In this study, patients and family caregivers defined the experience of engagement in their care (or that of a family member) and the importance of patient-provider interactions – shared decision making, trust, and communication were key elements in engagement in healthcare. Patients’ and family caregivers’ knowledge about their illness, ability to ask questions, understanding of when to seek care, and active participation in their wellness guide their health and life goals, and can be supported by health care providers through person-centered care. While the participants in this study were largely positive when describing their experience with their PCPs, they continue to want the same things as patients from almost 20 years ago: partnership with their provider, communication, and time (Stone, 2003). Much like in the inpatient setting, patients and family caregivers desire for person-centered care was expressed as wanting to know they can access providers quickly and efficiently, feel engaged in their care, and have clear communication with their PCPs that can empower patients’ decision making (Nepal et al., 2020). These important subthemes should be included in patient experience assessments and included in primary care practice reimbursement incentive models.

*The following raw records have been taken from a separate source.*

(* Let $u(t)=\sum_{i=1}^M s_i(t)e^{j2\pi f_it}$ be a signal in the class $\mathcal{M}_2$ described in the context, and consider an L-shaped array with $2N-1$ sensors ($N$ sensors along each of the $x$ and $z$ axes, with a common sensor at the origin) and distance $d$ between adjacent sensors, with the sampling system described in the context, producing $\mathbf{x}[k]=\mathbf{A}_x(\boldsymbol{f},\boldsymbol{\theta})\mathbf{w}[k]$ and $\mathbf{z}[k]=\mathbf{A}_z(\boldsymbol{f},\boldsymbol{\theta})\mathbf{w}[k]$, $k\in\mathbb{Z}$. If (c1) $d<\frac{c}{f_{\text{Nyq}}}$ and (c2) $N>M$, then this pair of equations has a unique solution $(\boldsymbol{f},\boldsymbol{\theta},\mathbf{w})$ (up to a common relabeling of the transmissions), where $\boldsymbol{f}=(f_1,\dots,f_M)^T$ and $\boldsymbol{\theta}=(\theta_1,\dots,\theta_M)^T$.
   Context: Class $\mathcal{M}_2$: $u$ is complex valued with Fourier transform supported in $[-f_{\text{Nyq}}/2,f_{\text{Nyq}}/2]$, each $s_i$ has Fourier transform supported in $[-B/2,B/2]$, $\min_{i\neq j}|f_i-f_j|>B$; the $s_i$ are wide-sense stationary, zero mean, mutually uncorrelated, with $\mathbb{E}[|s_i(t)|^2]\neq 0$; transmission $i$ lies in the $xz$-plane with unknown angle of arrival $\theta_i$, $|\theta_i|<90^\circ$, and $f_i\cos\theta_i\neq f_j\cos\theta_j$, $f_i\sin\theta_i\neq f_j\sin\theta_j$ for $i\neq j$. $c>0$ is the propagation speed. Each sensor multiplies its received signal by the same periodic function $p(t)$, applies an ideal low-pass filter and samples at rate $f_s$. With $\tau_n^x(\theta)=\frac{dn}{c}\cos\theta$ and $\tau_n^z(\theta)=\frac{dn}{c}\sin\theta$, $(\mathbf{A}_x)_{n,i}=e^{j2\pi f_i\tau_n^x(\theta_i)}$ and $(\mathbf{A}_z)_{n,i}=e^{j2\pi f_i\tau_n^z(\theta_i)}$ for $n=1,\dots,N$, $i=1,\dots,M$; $\mathbf{w}[k]\in\mathbb{C}^M$ has entries $w_i[k]=\tilde s_i(k/f_s)$, where $\tilde s_i$ is the filtered version of $s_i(t)e^{j2\pi f_it}p(t)$, and $\mathbb{E}[\mathbf{w}\mathbf{w}^H]$ is diagonal with nonzero diagonal entries. *)

theory Defs
  imports "HOL-Probability.Probability"
begin

text \<open>Transmissions are indexed by
  i < M (0-based), sensors on each axis by n = 1..N.\<close>

definition tau_x :: "real \<Rightarrow> real \<Rightarrow> nat \<Rightarrow> real \<Rightarrow> real" where
  "tau_x d c n \<theta> = d * real n / c * cos \<theta>"

definition tau_z :: "real \<Rightarrow> real \<Rightarrow> nat \<Rightarrow> real \<Rightarrow> real" where
  "tau_z d c n \<theta> = d * real n / c * sin \<theta>"

definition A_x :: "real \<Rightarrow> real \<Rightarrow> (nat \<Rightarrow> real) \<Rightarrow> (nat \<Rightarrow> real) \<Rightarrow> nat \<Rightarrow> nat \<Rightarrow> complex" where
  "A_x d c f \<theta> n i = cis (2 * pi * f i * tau_x d c n (\<theta> i))"

definition A_z :: "real \<Rightarrow> real \<Rightarrow> (nat \<Rightarrow> real) \<Rightarrow> (nat \<Rightarrow> real) \<Rightarrow> nat \<Rightarrow> nat \<Rightarrow> complex" where
  "A_z d c f \<theta> n i = cis (2 * pi * f i * tau_z d c n (\<theta> i))"

text \<open>Matrix-vector product (A w[k])_n = sum_{i<M} A_{n,i} w_i[k], for each outcome omega.
  w i k omega is the i-th entry of the random vector w[k].\<close>

definition mat_apply :: "nat \<Rightarrow> (nat \<Rightarrow> nat \<Rightarrow> complex) \<Rightarrow> (nat \<Rightarrow> int \<Rightarrow> 'w \<Rightarrow> complex)
    \<Rightarrow> nat \<Rightarrow> int \<Rightarrow> 'w \<Rightarrow> complex" where
  "mat_apply M A w n k \<omega> = (\<Sum>i<M. A n i * w i k \<omega>)"

definition diag_nonzero_cov :: "'w measure \<Rightarrow> nat \<Rightarrow> (nat \<Rightarrow> int \<Rightarrow> 'w \<Rightarrow> complex) \<Rightarrow> bool" where
  "diag_nonzero_cov P M w \<longleftrightarrow>
     (\<forall>k::int. \<forall>i<M. \<forall>l<M.
        integrable P (\<lambda>\<omega>. w i k \<omega> * cnj (w l k \<omega>)) \<and>
        (i \<noteq> l \<longrightarrow> (\<integral>\<omega>. w i k \<omega> * cnj (w l k \<omega>) \<partial>P) = 0) \<and>
        (i = l \<longrightarrow> (\<integral>\<omega>. w i k \<omega> * cnj (w l k \<omega>) \<partial>P) \<noteq> 0))"

definition admissible :: "'w measure \<Rightarrow> real \<Rightarrow> real \<Rightarrow> nat \<Rightarrow> (nat \<Rightarrow> real) \<Rightarrow> (nat \<Rightarrow> real)
    \<Rightarrow> (nat \<Rightarrow> int \<Rightarrow> 'w \<Rightarrow> complex) \<Rightarrow> bool" where
  "admissible P fNyq B M f \<theta> w \<longleftrightarrow>
     (\<forall>i<M. \<bar>f i\<bar> \<le> fNyq / 2) \<and>
     (\<forall>i<M. \<bar>\<theta> i\<bar> < pi / 2) \<and>
     (\<forall>i<M. \<forall>j<M. i \<noteq> j \<longrightarrow>
        \<bar>f i - f j\<bar> > B \<and>
        f i * cos (\<theta> i) \<noteq> f j * cos (\<theta> j) \<and>
        f i * sin (\<theta> i) \<noteq> f j * sin (\<theta> j)) \<and>
     diag_nonzero_cov P M w"

end

theory Submission
  imports Defs "HOL-Computational_Algebra.Polynomial"
begin
(* Let $\mathbb{K}$ be a field of characteristic zero and let $\mathcal{D}=\{\Delta^{p(1)}_{\beta(1)},\ldots,\Delta^{p(k)}_{\beta(k)}\}$ be a finite set of derivations of $\mathbb{K}[x_1,\ldots,x_n]$ of the form $\Delta^{p}_{\beta}=x_1^{p_1}\cdots x_n^{p_n}\sum_{j=1}^n\beta_jx_j\partial_j$ with $p(i)\in\mathbb{Z}^n_{\ge 0}$ and $\beta(i)\in\mathbb{K}^n\setminus\{0\}$, all of positive weight, i.e. $p(i)\neq 0$ for all $i$. Then the Lie algebra $\mathfrak{g}(\mathcal{D})$ generated by $\mathcal{D}$ is finite dimensional if and only if the elements of $\mathcal{D}$ can be renumbered in such a way that the following two conditions hold: 1) if $\beta(i)$ and $\beta(j)$ are proportional, then $\langle\beta(i),p(i)-p(j)\rangle=0$; 2) if $\beta(i)$ and $\beta(j)$ are not proportional and $j>i$, then $\langle\beta(j),p(i)\rangle=0$ and there exists $r_{ij}\in\mathbb{Z}_{\ge 0}$ such that $\langle\beta(i),p(j)+r_{ij}p(i)\rangle=0$.
   Context: $\partial_i=\partial/\partial x_i$. For $\beta\in\mathbb{K}^n$ and $u\in\mathbb{Z}^n$, $\langle\beta,u\rangle:=\sum_{i=1}^n\beta_iu_i$. The weight of $\Delta^p_\beta$ is $\sum_j p_j$. The Lie bracket is the commutator of derivations, $[D_1,D_2]=D_1\circ D_2-D_2\circ D_1$, and $\mathfrak{g}(\mathcal{D})$ is the smallest Lie subalgebra of the Lie algebra of derivations of $\mathbb{K}[x_1,\ldots,x_n]$ containing $\mathcal{D}$. *)

theory Defs
  imports Main "HOL-Library.Poly_Mapping"
begin

text \<open>Polynomials in the variables indexed by the finite type 'n (so n = CARD('n))
  with coefficients in 'k: finitely supported maps from monomials (exponent vectors)
  to coefficients.\<close>
type_synonym ('n, 'k) mpoly = "('n \<Rightarrow>\<^sub>0 nat) \<Rightarrow>\<^sub>0 'k"

definition const :: "'k::comm_semiring_1 \<Rightarrow> ('n, 'k) mpoly" where
  "const c = Poly_Mapping.single 0 c"

definition var :: "'n \<Rightarrow> ('n, 'k::comm_semiring_1) mpoly" where
  "var j = Poly_Mapping.single (Poly_Mapping.single j 1) 1"

definition pd :: "'n \<Rightarrow> ('n, 'k::comm_semiring_1) mpoly \<Rightarrow> ('n, 'k) mpoly" where
  "pd j f = (\<Sum>(m::'n \<Rightarrow>\<^sub>0 nat)\<in>Poly_Mapping.keys f. Poly_Mapping.single (m - Poly_Mapping.single j 1)
                              (of_nat (Poly_Mapping.lookup m j) * Poly_Mapping.lookup f m))"

definition Delta :: "('n::finite \<Rightarrow> nat) \<Rightarrow> ('n \<Rightarrow> 'k::comm_semiring_1)
                       \<Rightarrow> ('n, 'k) mpoly \<Rightarrow> ('n, 'k) mpoly" where
  "Delta p \<beta> f = (\<Prod>j\<in>UNIV. var j ^ p j) * (\<Sum>j\<in>UNIV. const (\<beta> j) * (var j * pd j f))"

definition lie_bracket :: "('a \<Rightarrow> 'a::ab_group_add) \<Rightarrow> ('a \<Rightarrow> 'a) \<Rightarrow> 'a \<Rightarrow> 'a" where
  "lie_bracket D1 D2 = (\<lambda>f. D1 (D2 f) - D2 (D1 f))"

inductive_set lie_gen :: "(('n, 'k::comm_ring_1) mpoly \<Rightarrow> ('n, 'k) mpoly) set
                          \<Rightarrow> (('n, 'k) mpoly \<Rightarrow> ('n, 'k) mpoly) set"
  for D where
    base: "d \<in> D \<Longrightarrow> d \<in> lie_gen D"
  | zero: "(\<lambda>f. 0) \<in> lie_gen D"
  | add: "a \<in> lie_gen D \<Longrightarrow> b \<in> lie_gen D \<Longrightarrow> (\<lambda>f. a f + b f) \<in> lie_gen D"
  | smult: "a \<in> lie_gen D \<Longrightarrow> (\<lambda>f. const c * a f) \<in> lie_gen D"
  | bracket: "a \<in> lie_gen D \<Longrightarrow> b \<in> lie_gen D \<Longrightarrow> lie_bracket a b \<in> lie_gen D"

definition fin_dim :: "(('n, 'k::comm_ring_1) mpoly \<Rightarrow> ('n, 'k) mpoly) set \<Rightarrow> bool" where
  "fin_dim S \<longleftrightarrow> (\<exists>B. finite B \<and>
      (\<forall>a\<in>S. \<exists>c. a = (\<lambda>f. \<Sum>b\<in>B. const (c b) * b f)))"

definition ip :: "('n::finite \<Rightarrow> 'k::comm_ring_1) \<Rightarrow> ('n \<Rightarrow> int) \<Rightarrow> 'k" where
  "ip \<beta> u = (\<Sum>l\<in>UNIV. \<beta> l * of_int (u l))"

definition proportional :: "('n \<Rightarrow> 'k::field) \<Rightarrow> ('n \<Rightarrow> 'k) \<Rightarrow> bool" where
  "proportional a b \<longleftrightarrow> (\<exists>c. a = (\<lambda>l. c * b l))"

end

theory Submission
  imports Defs "HOL-Library.Function_Algebras" "HOL.Vector_Spaces"
begin

text \<open>
  Write \<open>\<Delta>\<^sup>a\<^sub>v = x\<^sup>a E\<^sub>v\<close> with \<open>E\<^sub>v = \<Sum>\<^sub>j v\<^sub>j x\<^sub>j \<partial>\<^sub>j\<close>, which is diagonal on monomials.
  Then \<open>[\<Delta>\<^sup>a\<^sub>v, \<Delta>\<^sup>b\<^sub>w] = \<Delta>\<^sup>a\<^sup>+\<^sup>b\<^sub>u\<close> with \<open>u = \<langle>v, b\<rangle> w - \<langle>w, a\<rangle> v\<close>,
  so everything reduces to bookkeeping of exponents and weights.

  Sufficiency: group the generators into classes of proportional weights, ordered by their
  last member. The derivations \<open>\<Delta>\<^sup>e\<^sub>\<beta>\<^sub>(\<^sub>j\<^sub>)\<close> with \<open>e = \<Sum>\<^sub>i m\<^sub>i p(i)\<close>, where the multiplicities
  \<open>m\<close> take one generator from the class of \<open>j\<close>, none from later classes, and give every
  earlier class \<open>c\<close> a non-positive level \<open>\<langle>\<beta>(c), e\<rangle> / \<langle>\<beta>(c), p(c)\<rangle>\<close>, span a space that
  contains the generators and is closed under brackets. The level conditions bound \<open>m\<close>, so
  this spanning set is finite.

  Necessity: derivations with distinct exponents are linearly independent, so only finitely
  many exponents occur. Hence \<open>ad(\<Delta>\<^sup>a\<^sub>v)\<^sup>m \<Delta>\<^sup>b\<^sub>w\<close> vanishes for large \<open>m\<close>, which forces
  \<open>\<langle>v, b\<rangle> + r \<langle>v, a\<rangle> = 0\<close> for some \<open>r \<in> \<nat>\<close> when \<open>v\<close> and \<open>w\<close> are not proportional; a
  similar argument gives condition 1. The relation \<open>\<langle>\<beta>(i), p(j)\<rangle> \<noteq> 0\<close> between generators
  with non-proportional weights has no cycles, since a shortest cycle could be shortened by
  a bracket, and any topological numbering of it satisfies condition 2.
\<close>

section \<open>Monomial derivations\<close>

abbreviation lookup :: "('a \<Rightarrow>\<^sub>0 'b::zero) \<Rightarrow> 'a \<Rightarrow> 'b" where
  "lookup \<equiv> Poly_Mapping.lookup"

abbreviation single :: "'a \<Rightarrow> 'b::zero \<Rightarrow> 'a \<Rightarrow>\<^sub>0 'b" where
  "single \<equiv> Poly_Mapping.single"

definition ip_nat :: "('n::finite \<Rightarrow> 'k::comm_semiring_1) \<Rightarrow> ('n \<Rightarrow> nat) \<Rightarrow> 'k" where
  "ip_nat v a = (\<Sum>l\<in>UNIV. v l * of_nat (a l))"

definition monomial :: "('n::finite \<Rightarrow> nat) \<Rightarrow> ('n, 'k::comm_semiring_1) mpoly" where
  "monomial a = single (Abs_poly_mapping a) 1"

text \<open>The derivation \<open>\<Sum>\<^sub>j v\<^sub>j x\<^sub>j \<partial>\<^sub>j\<close> acts diagonally on monomials:
  it multiplies \<open>x\<^sup>y\<close> by \<open>\<langle>v, y\<rangle>\<close>.\<close>
definition euler :: "('n::finite \<Rightarrow> 'k::comm_semiring_1) \<Rightarrow> ('n, 'k) mpoly \<Rightarrow> ('n, 'k) mpoly" where
  "euler v f = Abs_poly_mapping (\<lambda>y. ip_nat v (lookup y) * lookup f y)"

lemma lookup_euler: "lookup (euler v f) y = ip_nat v (lookup y) * lookup f y"
proof -
  have "finite {y. ip_nat v (lookup y) * lookup f y \<noteq> 0}"
    by (rule finite_subset[of _ "Poly_Mapping.keys f"]) (auto simp: in_keys_iff)
  then show ?thesis unfolding euler_def by simp
qed

lemma ip_nat_add: "ip_nat v (\<lambda>l. a l + b l) = ip_nat v a + ip_nat v b"
  by (simp add: ip_nat_def distrib_left sum.distrib)

lemma ip_nat_scale: "ip_nat (\<lambda>l. c * v l) a = c * ip_nat v a"
  by (simp add: ip_nat_def sum_distrib_left mult.assoc)

lemma ip_nat_diff:
  fixes v w :: "'n::finite \<Rightarrow> 'k::comm_ring_1"
  shows "ip_nat (\<lambda>l. c * v l - d * w l) a = c * ip_nat v a - d * ip_nat w a"
  by (simp add: ip_nat_def sum_distrib_left sum_subtractf left_diff_distrib mult.assoc)

lemma lookup_single_mult:
  fixes s :: "'n \<Rightarrow>\<^sub>0 nat" and g :: "('n, 'k::comm_semiring_1) mpoly"
  shows "lookup (single s c * g) x = (if \<exists>y. x = s + y then c * lookup g (x - s) else 0)"
proof -
  have "lookup (single s c * g) x = (\<Sum>l. lookup (single s c) l * (\<Sum>q. lookup g q when x = l + q))"
    by (rule lookup_mult)
  also have "\<dots> = (\<Sum>l. (c * (\<Sum>q. lookup g q when x = l + q)) when s = l)"
    by (intro Sum_any.cong) (simp add: lookup_single when_def)
  also have "\<dots> = c * (\<Sum>q. lookup g q when x = s + q)"
    by simp
  also have "\<dots> = (if \<exists>y. x = s + y then c * lookup g (x - s) else 0)"
  proof (cases "\<exists>y. x = s + y")
    case True
    then obtain y where y: "x = s + y" by blast
    have "(\<Sum>q. lookup g q when x = s + q) = (\<Sum>q. lookup g q when q = y)"
      by (intro Sum_any.cong) (auto simp: y when_def)
    then show ?thesis using y by simp
  qed (simp add: when_def)
  finally show ?thesis .
qed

Though the data for this study were collected prior to the COVID-19 pandemic, we know that the landscape of primary care delivery has dramatically changed for patients of all ages. Due to changes in insurance reimbursement rules, there has been a dramatic increase in the use of telemedicine as an alternative to in person visits. However, some populations have encountered barriers to telemedicine use, including older adults who may be unfamiliar with the needed technology and those with lower income who may not have access to technology (Nouri et al., 2020). Because of these barriers, there has been an overall cumulative reduction in primary care visits since the start of the pandemic (Mehrotra et al., Feb. 2021). It is highly likely that telemedicine visits will continue to play a significant role in health care delivery, especially in the short term and in populations that are medically underserved (e.g., rural populations). This has substantial implications for the future of primary care, where we see from our results that a prime driver for engagement is the experience with providers. Monitoring the person-centered care experience for patients, including digital literacy and access to digital resources for older patients as well as evaluating their experience with telemedicine will be essential (Nouri et al., 2020).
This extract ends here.